ORIGINAL RESEARCH article
Front. Neurosci., 09 October 2009
To what extent is blood a reasonable surrogate for brain in gene expression studies: estimation from mouse hippocampus and spleen
Social, Genetic and Developmental Psychiatry Centre, Institute of Psychiatry, King’s College London, London, UK
Department of Neuroscience, Institute of Psychiatry, King’s College London, London, UK
University of Tennessee Medical School, Memphis, TN, USA
Microarrays are designed to measure genome-wide differences in gene expression. In cases where a tissue is not accessible for analysis (e.g. human brain), it is of interest to determine whether a second, accessible tissue could be used as a surrogate for transcription profiling. Surrogacy has applications in the study of behavioural and neurodegenerative disorders. Comparison between hippocampus and spleen mRNA obtained from a mouse recombinant inbred panel indicates a high degree of correlation between the tissues for genes that display a high heritability of expression level. This correlation is not limited to apparent expression differences caused by sequence polymorphisms in the target sequences and includes both cis and trans genetic effects. A tissue such as blood could therefore give surrogate information on expression in brain for a subset of genes, in particular those co-expressed between the two tissues, which have heritably varying expression.

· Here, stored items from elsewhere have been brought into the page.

locale piecewise_affine_network =
  fixes N :: "('v, 'i) network"
  assumes finite_edges: "finite (edges N)"
    and brk_zero: "e \<in> edges N \<Longrightarrow> brk N e 0 = 0"
    and brk_strict_mono: "e \<in> edges N \<Longrightarrow> k < npieces N \<Longrightarrow> brk N e k < brk N e (Suc k)"
    and slope_nonneg: "e \<in> edges N \<Longrightarrow> k \<le> npieces N \<Longrightarrow> 0 \<le> slope N e k"
    and offs_nonneg: "e \<in> edges N \<Longrightarrow> k \<le> npieces N \<Longrightarrow> 0 \<le> offs N e k"
    and pcoef_nonneg: "e \<in> edges N \<Longrightarrow> 0 \<le> pcoef N e"
    and wardrop_exists: "0 \<le> lam \<Longrightarrow> \<exists>x. wardrop N lam x"
    and wardrop_loads_unique:
      "0 \<le> lam \<Longrightarrow> wardrop N lam x \<Longrightarrow> wardrop N lam y \<Longrightarrow> e \<in> edges N \<Longrightarrow> load N x e = load N y e"
begin

lemma piece_eq_iff_in_piece:
  "e \<in> edges N \<Longrightarrow> 0 \<le> y \<Longrightarrow> piece N e y = k \<longleftrightarrow> in_piece (npieces N) (brk N e) y k"
  by (intro piece_eq_iff brk_zero brk_strict_mono)

lemma piece_convex_combination:
  assumes "e \<in> edges N" "0 \<le> y1" "0 \<le> y2" "piece N e y1 = piece N e y2"
    and "0 \<le> u" "0 \<le> v" "u + v = 1"
  shows "piece N e (u * y1 + v * y2) = piece N e y1"
proof -
  define k where "k = piece N e y1"
  have "in_piece (npieces N) (brk N e) y1 k" "in_piece (npieces N) (brk N e) y2 k"
    using assms piece_eq_iff_in_piece unfolding k_def by metis+
  then have "in_piece (npieces N) (brk N e) (u * y1 + v * y2) k"
    using assms(5-7) by (rule in_piece_convex_combination)
  moreover have "0 \<le> u * y1 + v * y2" using assms by simp
  ultimately show ?thesis using piece_eq_iff_in_piece[OF assms(1)] unfolding k_def by blast
qed

lemma cost_nonneg:
  assumes "e \<in> edges N" "0 \<le> lam" "0 \<le> y"
  shows "0 \<le> cost N lam e y"
proof -
  have "piece N e y \<le> npieces N"
    using piece_eq_iff_in_piece[OF assms(1,3)] unfolding in_piece_def by blast
  then show ?thesis
    using assms slope_nonneg offs_nonneg pcoef_nonneg unfolding cost_def Let_def by simp
qed

lemma eq_load_wardrop:
  assumes "0 \<le> lam" "wardrop N lam x" "e \<in> edges N"
  shows "eq_load N lam e = load N x e"
  unfolding eq_load_def
  using wardrop_loads_unique[OF assms(1) someI_ex[OF wardrop_exists[OF assms(1)]] assms(2,3)] .

lemma equilibrium_cost_nonneg:
  assumes "0 \<le> lam" "e \<in> edges N"
  shows "0 \<le> equilibrium_cost N lam e"
proof -
  obtain x where x: "wardrop N lam x" using wardrop_exists[OF assms(1)] by blast
  then have "feasible N x" unfolding wardrop_def by blast
  then have "0 \<le> eq_load N lam e"
    using eq_load_wardrop[OF assms(1) x assms(2)] load_nonneg assms(2) by simp
  then show ?thesis using cost_nonneg assms unfolding equilibrium_cost_def by blast
qed

text \<open>Equal active parts put both equilibrium loads on the same affine piece of each edge cost,
  where cost is affine jointly in price and load.\<close>
lemma equilibria_convex_combination_cost:
  assumes "0 \<le> a" "0 \<le> b" "0 \<le> u" "0 \<le> v" "u + v = 1"
    and parts: "active_parts N a = active_parts N b"
    and xa: "wardrop N a xa" and xb: "wardrop N b xb" and e: "e \<in> edges N"
  defines "x \<equiv> \<lambda>i e. u * xa i e + v * xb i e"
  shows "piece N e (load N x e) = piece N e (eq_load N a e)"
    and "cost N (u * a + v * b) e (load N x e) = u * equilibrium_cost N a e + v * equilibrium_cost N b e"
proof -
  have load: "load N x e = u * eq_load N a e + v * eq_load N b e"
    using eq_load_wardrop assms unfolding x_def load_linear_combination by simp
  have "feasible N xa" "feasible N xb" using xa xb unfolding wardrop_def by blast+
  then have nonneg: "0 \<le> eq_load N a e" "0 \<le> eq_load N b e"
    using eq_load_wardrop[OF _ xa e] eq_load_wardrop[OF _ xb e] load_nonneg e assms(1,2) by simp_all
  have same: "piece N e (eq_load N a e) = piece N e (eq_load N b e)"
    using fun_cong[OF parts, of e] e unfolding active_parts_def by simp
  show piece: "piece N e (load N x e) = piece N e (eq_load N a e)"
    unfolding load using piece_convex_combination[OF e nonneg same] assms by blast
  show "cost N (u * a + v * b) e (load N x e) = u * equilibrium_cost N a e + v * equilibrium_cost N b e"
    unfolding equilibrium_cost_def load
    using cost_convex_combination[OF refl same[symmetric]] piece[unfolded load] \<open>u + v = 1\<close> by simp
qed

lemma wardrop_convex_combination:
  assumes ab: "0 \<le> a" "0 \<le> b" and uv: "0 \<le> u" "0 \<le> v" "u + v = 1"
    and state: "edge_state N a = edge_state N b"
    and xa: "wardrop N a xa" and xb: "wardrop N b xb"
  shows "wardrop N (u * a + v * b) (\<lambda>i e. u * xa i e + v * xb i e)"
  unfolding wardrop_iff_shortest_path_flows
proof (intro conjI ballI)
  show "feasible N (\<lambda>i e. u * xa i e + v * xb i e)"
    using xa xb uv unfolding wardrop_def by (blast intro: feasible_convex_combination)
next
  fix i assume i: "i \<in> comms N"
  have flow: "shortest_path_flow (edges N) (src N i) (snk N i) (equilibrium_cost N lam) (y i)"
    if "0 \<le> lam" "wardrop N lam y" for lam y
  proof -
    have "\<forall>e\<in>edges N. cost N lam e (load N y e) = equilibrium_cost N lam e"
      using eq_load_wardrop[OF that] unfolding equilibrium_cost_def by simp
    moreover have "shortest_path_flow (edges N) (src N i) (snk N i) (\<lambda>e. cost N lam e (load N y e)) (y i)"
      using that(2) i unfolding wardrop_iff_shortest_path_flows by blast
    ultimately show ?thesis by (rule shortest_path_flow_cong[THEN iffD1])
  qed
  have "active_parts N a = active_parts N b" "active_support N a = active_support N b"
    using state unfolding edge_state_def by simp_all
  then have cost: "\<forall>e\<in>edges N. cost N (u * a + v * b) e (load N (\<lambda>i e. u * xa i e + v * xb i e) e)
                     = u * equilibrium_cost N a e + v * equilibrium_cost N b e"
    and tight: "tight_edges (edges N) (equilibrium_cost N a) (src N i) =
                tight_edges (edges N) (equilibrium_cost N b) (src N i)"
    using equilibria_convex_combination_cost(2)[OF ab uv _ xa xb]
      tight_edges_eq_if_active_support_eq[OF _ i] by blast+
  have "\<forall>e\<in>edges N. 0 \<le> equilibrium_cost N a e" "\<forall>e\<in>edges N. 0 \<le> equilibrium_cost N b e"
    using equilibrium_cost_nonneg ab by blast+
  from shortest_path_flow_convex_combination[OF finite_edges this tight uv(1,2) cost
      flow[OF ab(1) xa] flow[OF ab(2) xb]]
  show "shortest_path_flow (edges N) (src N i) (snk N i)
      (\<lambda>e. cost N (u * a + v * b) e (load N (\<lambda>i e. u * xa i e + v * xb i e) e)) (\<lambda>e. u * xa i e + v * xb i e)" .
qed


theorem convex_edge_state_region: "convex {lam. 0 \<le> lam \<and> edge_state N lam = \<sigma>}"
proof (rule convexI)
  fix a b u v :: real
  assume "a \<in> {lam. 0 \<le> lam \<and> edge_state N lam = \<sigma>}" "b \<in> {lam. 0 \<le> lam \<and> edge_state N lam = \<sigma>}"
    and uv: "0 \<le> u" "0 \<le> v" "u + v = 1"
  then have ab: "0 \<le> a" "0 \<le> b" and state: "edge_state N a = \<sigma>" "edge_state N b = \<sigma>" by auto
  then have parts: "active_parts N a = active_parts N b"
    and support: "active_support N a = active_support N b" unfolding edge_state_def by auto
  obtain xa xb where xa: "wardrop N a xa" and xb: "wardrop N b xb"
    using wardrop_exists[OF ab(1)] wardrop_exists[OF ab(2)] by blast
  define lam where "lam = u * a + v * b"
  define x where "x = (\<lambda>i e. u * xa i e + v * xb i e)"
  have lam: "0 \<le> lam" using ab uv unfolding lam_def by simp
  have x: "wardrop N lam x"
    unfolding lam_def x_def using wardrop_convex_combination[OF ab uv _ xa xb] state by simp
  note combination = equilibria_convex_combination_cost[OF ab uv parts xa xb, folded lam_def x_def]
  have "active_parts N lam = active_parts N a"
  proof
    fix e show "active_parts N lam e = active_parts N a e"
      using combination(1) eq_load_wardrop[OF lam x] unfolding active_parts_def by simp
  qed
  moreover have "active_support N lam = active_support N a"
  proof -
    have cost: "\<forall>e\<in>edges N. equilibrium_cost N lam e = u * equilibrium_cost N a e + v * equilibrium_cost N b e"
      using combination(2) eq_load_wardrop[OF lam x] unfolding equilibrium_cost_def by simp
    have nonneg: "\<forall>e\<in>edges N. 0 \<le> equilibrium_cost N a e" "\<forall>e\<in>edges N. 0 \<le> equilibrium_cost N b e"
      using equilibrium_cost_nonneg ab by blast+
    have "tight_edges (edges N) (equilibrium_cost N lam) (src N i) =
          tight_edges (edges N) (equilibrium_cost N a) (src N i)" if "i \<in> comms N" for i
      using tight_edges_convex_combination[OF finite_edges nonneg
          tight_edges_eq_if_active_support_eq[OF support that] uv cost] .
    then show ?thesis unfolding active_support_eq_tight_edges by auto
  qed
  ultimately show "u *\<^sub>R a + v *\<^sub>R b \<in> {lam. 0 \<le> lam \<and> edge_state N lam = \<sigma>}"
    using lam state unfolding lam_def edge_state_def by simp
qed

end

theorem lemma5p4:
  fixes N :: "('v, 'i) network"
    and S :: "('i \<times> ('v \<times> 'v)) set"
    and l :: "('v \<times> 'v) \<Rightarrow> nat"
  assumes fin_V: "finite (verts N)"
    and E_sub: "edges N \<subseteq> verts N \<times> verts N"
    and fin_I: "finite (comms N)"
    and terminals: "\<forall>i\<in>comms N. src N i \<in> verts N \<and> snk N i \<in> verts N \<and> dem N i > 0"
    and brk0: "\<forall>e\<in>edges N. brk N e 0 = 0"
    and brk_mono: "\<forall>e\<in>edges N. \<forall>k < npieces N. brk N e k < brk N e (Suc k)"
    and slope_pos: "\<forall>e\<in>edges N. \<forall>k \<le> npieces N. slope N e k > 0"
    and offs_nonneg: "\<forall>e\<in>edges N. \<forall>k \<le> npieces N. offs N e k \<ge> 0"
    and pcoef_nonneg: "\<forall>e\<in>edges N. pcoef N e \<ge> 0"
    and cost_cont: "\<forall>lam \<ge> 0. \<forall>e\<in>edges N. continuous_on {0..} (cost N lam e)"
    and cost_mono: "\<forall>lam \<ge> 0. \<forall>e\<in>edges N. strict_mono_on {0..} (cost N lam e)"
    and WE_exists: "\<forall>lam \<ge> 0. \<exists>x. wardrop N lam x"
    and WE_loads_unique: "\<forall>lam \<ge> 0. \<forall>x y. wardrop N lam x \<longrightarrow> wardrop N lam y \<longrightarrow>
                             (\<forall>e\<in>edges N. load N x e = load N y e)"
    and S_sub: "S \<subseteq> comms N \<times> edges N"
    and l_range: "\<forall>e\<in>edges N. l e \<le> npieces N"
  shows "convex {lam :: real. lam \<ge> 0 \<and> edge_state N lam = (S, l)}"
proof -
  have "finite (edges N)" using fin_V E_sub by (meson finite_SigmaI finite_subset)
  then interpret piecewise_affine_network N
  proof unfold_locales
    fix e k assume e: "e \<in> edges N"
    show "brk N e 0 = 0" using brk0 e by blast
    show "k < npieces N \<Longrightarrow> brk N e k < brk N e (Suc k)" using brk_mono e by blast
    show "k \<le> npieces N \<Longrightarrow> 0 \<le> slope N e k" using slope_pos e by (simp add: less_imp_le)
    show "k \<le> npieces N \<Longrightarrow> 0 \<le> offs N e k" using offs_nonneg e by blast
    show "0 \<le> pcoef N e" using pcoef_nonneg e by blast
  next
    fix lam :: real assume "0 \<le> lam"
    then show "\<exists>x. wardrop N lam x" using WE_exists by blast
    fix x y e assume "wardrop N lam x" "wardrop N lam y" "e \<in> edges N"
    then show "load N x e = load N y e" using WE_loads_unique \<open>0 \<le> lam\<close> by blast
  qed
  show ?thesis by (rule convex_edge_state_region)
qed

Microarray technology captures the variation in expression levels within the transcriptome. Gene expression levels not only vary between different genotypes but also between each tissue within the same individual. Gene expression profiles of a particular tissue can be used in the prognosis and diagnosis of disease. Research on cervical cancer identified approximately 40 genes that could be used to generate a profile to distinguish normal and cancerous tissue (Wong et al., 2003 ) This approach has also been used in the prediction of breast (Brennan et al., 2005 ), rectal (de Bruin et al., 2007 ) and gastric cancers (Wang et al., 2006 ). Similar analysis could potentially allow insight into the genetic component of neurodegenerative disorders such as Alzheimer’s disease and Parkinson’s disease. Expression analysis of the brains of deceased Alzheimer’s and Parkinson’s sufferers has revealed major changes in gene regulation associated with each disease (Blalock et al., 2004 ; Papapetropoulos et al., 2007 ). However, the lack of human brain tissue samples available has limited the scale of such research and ultimately does not allow for the development of diagnostic tools for the disease in living patients. The same limitation can also affect basic research into gene function. One possible solution to this problem is the use of another tissue such as blood as a substitute for the actual tissue of interest (Liew et al., 2006 ; Mohr and Liew, 2007 ). It is not clear whether this approach is viable due to the effects to tissue-specific expression.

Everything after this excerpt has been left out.